Natural selection occuring right before our eyes!
The one caveat to this theory: GROUPIES. Damn you groupies!
By Anonymous, on 11:16 AM
I'm not understanding why a man would want to have sex with this thing? It's gonna be BAD SEX. We've all seen what a dead lay this man, I mean thing, oops WHORE is.
Shit, I'll bet Stephen Hawkings is a better lay than her. With the voicebox attached.
By Anonymous, on 11:46 AM
"'Harry is Paris's type of guy', says a source."
Am I the only one who misunderstood that at first to mean "blood type" before reading on?
By Anonymous, on 12:35 PM
If he stayed at her house, he's already pissing blood. Bleed on asshole.
By Anonymous, on 4:01 PM
Lohan can chase Hilton's castoffs but Hilton can't chase hers.... Goofy. Lohan should get back to 'work' before she slides down to B list level.
By newsgrrl, on 4:18 PM
Why won't Parasite just GO AWAY. I'm so sick of hearing about this vapid narcissist.
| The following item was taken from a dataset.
(* Let $0<\theta<1$ and let $\phi_1,\phi_2$ be Hecke–Maass cusp forms for $\mathrm{PSL}_2(\mathbb Z)$ with Laplace eigenvalues $s_1(1-s_1)$, $s_2(1-s_2)$ and Hecke eigenvalues $\lambda_{\phi_1}(n),\lambda_{\phi_2}(n)$. Then $B_\theta(1_B\phi_1,1_B\phi_2)=0$ unless $\phi_1$ and $\phi_2$ are both even. If both are even, then \[ B_\theta(1_B\phi_1,1_B\phi_2)=4\pi\sum_{m,n\ge1}\frac{\tau_1((m,n))\lambda_{\phi_1}(m)\lambda_{\phi_2}(n)}{(mn)^{1/2}}\,I_\theta^{s_1,s_2}(m,n), \quad I_\theta^{s_1,s_2}(m,n)=\int_{\max(m,n)}^\infty K_{s_1-1/2}(2\pi y)\overline{K_{s_2-1/2}(2\pi y)}\,f_{\theta,m,n}(y)\frac{dy}{y}, \] where $f_{\theta,m,n}(y)=1$ if $0<\theta<1/2$, $=e^{-2\pi^2y^2(m^2+n^2)}$ if $\theta=1/2$, and $=0$ if $\theta>1/2$.
   Context: $M=\mathrm{PSL}_2(\mathbb Z)\backslash\mathbb H$, $z=x+iy$, $e(z)=e^{2\pi iz}$, $B=\{z\in M:\Im z>1\}$ (region $y>1$ of the standard fundamental domain), $1_B$ its indicator function. A Hecke–Maass cusp form $\phi$ with eigenvalue $s(1-s)$ and Hecke eigenvalues $\lambda_\phi(n)$ is normalized to have Fourier expansion $\phi(x+iy)=\sum_{m\ne0}\epsilon_{\phi,m}\,2\lambda_\phi(|m|)\,y^{1/2}K_{s-1/2}(2\pi|m|y)\,e(mx)$, where $\epsilon_{\phi,m}=1$ if $\phi$ is even and $\epsilon_{\phi,m}=\mathrm{sgn}(m)$ if $\phi$ is odd; $K_\nu$ is the $K$-Bessel function. $\tau_1(n)=\sum_{d\mid n}d$. For a function $\psi$ supported in $B$ let $V_m^\psi(y)=\int_0^1\psi(x+iy)e(-mx)dx$ for $y>1$ and $V_m^\psi(y)=0$ for $y\le 1$. For such $\psi$ whose zero-th coefficient $V_0^\psi$ vanishes identically (as is the case for $1_B\phi$), $B_\theta$ is defined by $B_\theta(\psi_1,\psi_2)=\frac\pi4\sum_{m,n\neq0}\tau_1((|m|,|n|))\int_0^\infty V_m^{\psi_1}(y/|m|)\overline{V_n^{\psi_2}(y/|n|)}f_{\theta,m,n}(y)\frac{dy}{y^2}$, with $f_{\theta,m,n}$ as in the claim (the series converges absolutely). *)

theory Defs
  imports "HOL-Analysis.Analysis"
begin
It's not even fun any more! (Lindsay on the other hand.....)
By Anonymous, on 10:57 AM
Paris' type is a guy fresh off of another woman. Britney is hanging out with her to prevent the tonsil-hockey hook-up with K-Fed-Ex.
By Anonymous, on 5:35 PM
What is it with these women who think they have 'dibbs' on these guys long after they've quit dating them?